Maya leaned back, as if making a conscious decision to get out of Hope’s face, and waved expansively. ‘The first way,’ she said, ‘is the kind of thing people do here.’
‘Drink coffee and smoke?’
‘No,’ said Maya. ‘Find workarounds. Look, I understand how you must feel, like everything’s closing in on you. The health centre, the school, the insurance soon enough… I know all about that sort of thing, because I deal with it every day. Laws and bureaucracy, God! But the point is, if you really want to, you can get around it.’
‘Like?’
‘Take the school, for example. All those mums who’re giving you trouble – well, maybe you can shame them by going to school in a group with mums who support you.’

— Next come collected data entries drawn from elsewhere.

lemma sum_cos_sin_power_ring_angle:
  assumes m: "m > 0" and deg: "i + j < 2 * m"
  shows "(\<Sum>l\<in>{1..m}. cos (ring_angle m k l) ^ i * sin (ring_angle m k l) ^ j)
      = real m * (circle_mean_coeff i j + (-1)^k * alias_coeff m i j)"
proof -
  have "complex_of_real (\<Sum>l\<in>{1..m}. cos (ring_angle m k l) ^ i * sin (ring_angle m k l) ^ j) =
     (\<Sum>l\<in>{1..m}. \<Sum>q\<in>{..i}\<times>{..j}. trig_coeff i j q * cis (of_int (trig_freq i j q) * ring_angle m k l))"
    by (simp only: of_real_sum cos_sin_power_cis_expansion)
  also have "\<dots> = of_nat m * (\<Sum>q\<in>{q\<in>{..i}\<times>{..j}. trig_freq i j q = 0}. trig_coeff i j q) +
     of_nat m * (-1)^k *
       (\<Sum>q\<in>{q\<in>{..i}\<times>{..j}. trig_freq i j q \<noteq> 0 \<and> int m dvd trig_freq i j q}. trig_coeff i j q)"
    using abs_trig_freq_le deg by (intro sum_cis_sum_ring_angle m) force+
  finally have "(\<Sum>l\<in>{1..m}. cos (ring_angle m k l) ^ i * sin (ring_angle m k l) ^ j) = Re \<dots>"
    by (metis Re_complex_of_real)
  then show ?thesis
    unfolding circle_mean_coeff_def alias_coeff_def by (simp add: algebra_simps)
qed

lemma alias_coeff_nonzero_degree:
  assumes m: "m > 0" and deg: "i + j < 2 * m" and nz: "alias_coeff m i j \<noteq> 0"
  obtains s where "i + j = m + 2 * s"
proof -
  have "{q\<in>{..i}\<times>{..j}. trig_freq i j q \<noteq> 0 \<and> int m dvd trig_freq i j q} \<noteq> {}"
    using nz unfolding alias_coeff_def by (metis sum.empty zero_complex.sel(1))
  then obtain q where q: "q \<in> {..i}\<times>{..j}" "trig_freq i j q \<noteq> 0" "int m dvd trig_freq i j q"
    by blast
  then obtain s where s: "trig_freq i j q = int m * s" by (auto elim: dvdE)
  have bound: "\<bar>trig_freq i j q\<bar> \<le> int (i + j)" using abs_trig_freq_le[OF q(1)] .
  then have "int m * \<bar>s\<bar> \<le> int (i + j)"
    using s by (simp add: abs_mult)
  then have "int m * \<bar>s\<bar> < int m * 2"
    using deg by linarith
  then have "\<bar>s\<bar> < 2"
    using m by simp
  then have "s = 1 \<or> s = -1"
    using s q(2) by auto
  then have "m \<le> i + j \<and> even (i + j - m)"
    using s bound unfolding trig_freq_def by auto presburger+
  then show thesis
    using that[of "(i + j - m) div 2"] by (metis dvd_mult_div_cancel le_add_diff_inverse)
qed

section \<open>Polynomials on circles and rings\<close>

lemma pt2_nth [simp]: "pt2 a b $ 1 = a" "pt2 a b $ 2 = b"
  by (simp_all add: pt2_def)

lemma pt2_eq_iff: "pt2 a b = pt2 a' b' \<longleftrightarrow> a = a' \<and> b = b'"
  by (metis pt2_nth)

lemma uminus_pt2: "- pt2 a b = pt2 (-a) (-b)"
  by (simp add: vec_eq_iff pt2_def)

lemma norm_pt2_polar: "\<rho> \<ge> 0 \<Longrightarrow> norm (pt2 (\<rho> * cos \<theta>) (\<rho> * sin \<theta>)) = \<rho>"
  by (simp add: norm_vec_def L2_set_def sum_2 power_mult_distrib flip: distrib_left)

lemma poly2_polar:
  "poly2 t c (pt2 (\<rho> * cos \<theta>) (\<rho> * sin \<theta>)) =
    (\<Sum>i\<le>t. \<Sum>j\<le>t - i. c i j * \<rho>^(i+j) * (cos \<theta> ^ i * sin \<theta> ^ j))"
  unfolding poly2_def by (intro sum.cong refl) (simp add: power_mult_distrib power_add)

‘I don’t know any,’ said Hope.
‘OK, but have you looked? Asked? Anyway’ – Maya waved a hand again – ‘let’s leave that for the moment. Sooner or later the insurance issue will come up – the school will be told it can’t be insured against your little boy, or rather you can’t be insured. Now, you have alternatives there: you could home-school…’
‘No way!’
‘… or join a parents’ school group. I can help you find some.’
‘No, again. I’m not taking Nick out of the nursery.’
‘Well… in that case, there are alternative sources of insurance cover you might consider. Mainly religious – Islamic, some kinds of Catholic, even, uh, Mennonite and so on, you know, sects. They’ll all cover you and the school will have to accept that you’re covered, because of various non-discrimination acts – you see how it works, you use one part of the law against others?’
Hope looked at the dregs of her coffee.
‘Want another coffee?’ she said.
Maya nodded. Hope used the five minutes it took to buy the powder and milk and queue for the water to think over why she objected so much to Maya’s well-meant suggestions. By the time she got back, she thought she had it.
‘I don’t want to sneak around,’ she said. ‘That’s what “workaround” means to me. I don’t want to live in some hole-and-corner way, relying on the goodwill of sects and cults, thank you very much. I just want to live like everybody else.’
‘OK, OK,’ Maya said, again with the backing-off body language. ‘All right, let’s see how you can do it mainstream.’ She gave an embarrassed smile. ‘Have you thought of writing to your MP?’
Hope stared at her. ‘What would be the point of that?’
‘More than you’d think,’ said Maya. ‘They still take letters from constituents seriously. And come on, your MP is one of the better ones. Jack Crow.’
‘He even lives around here,’ Hope said. ‘I’ve spoken to him, now I come to think of it. He knocked on our door at the last election.’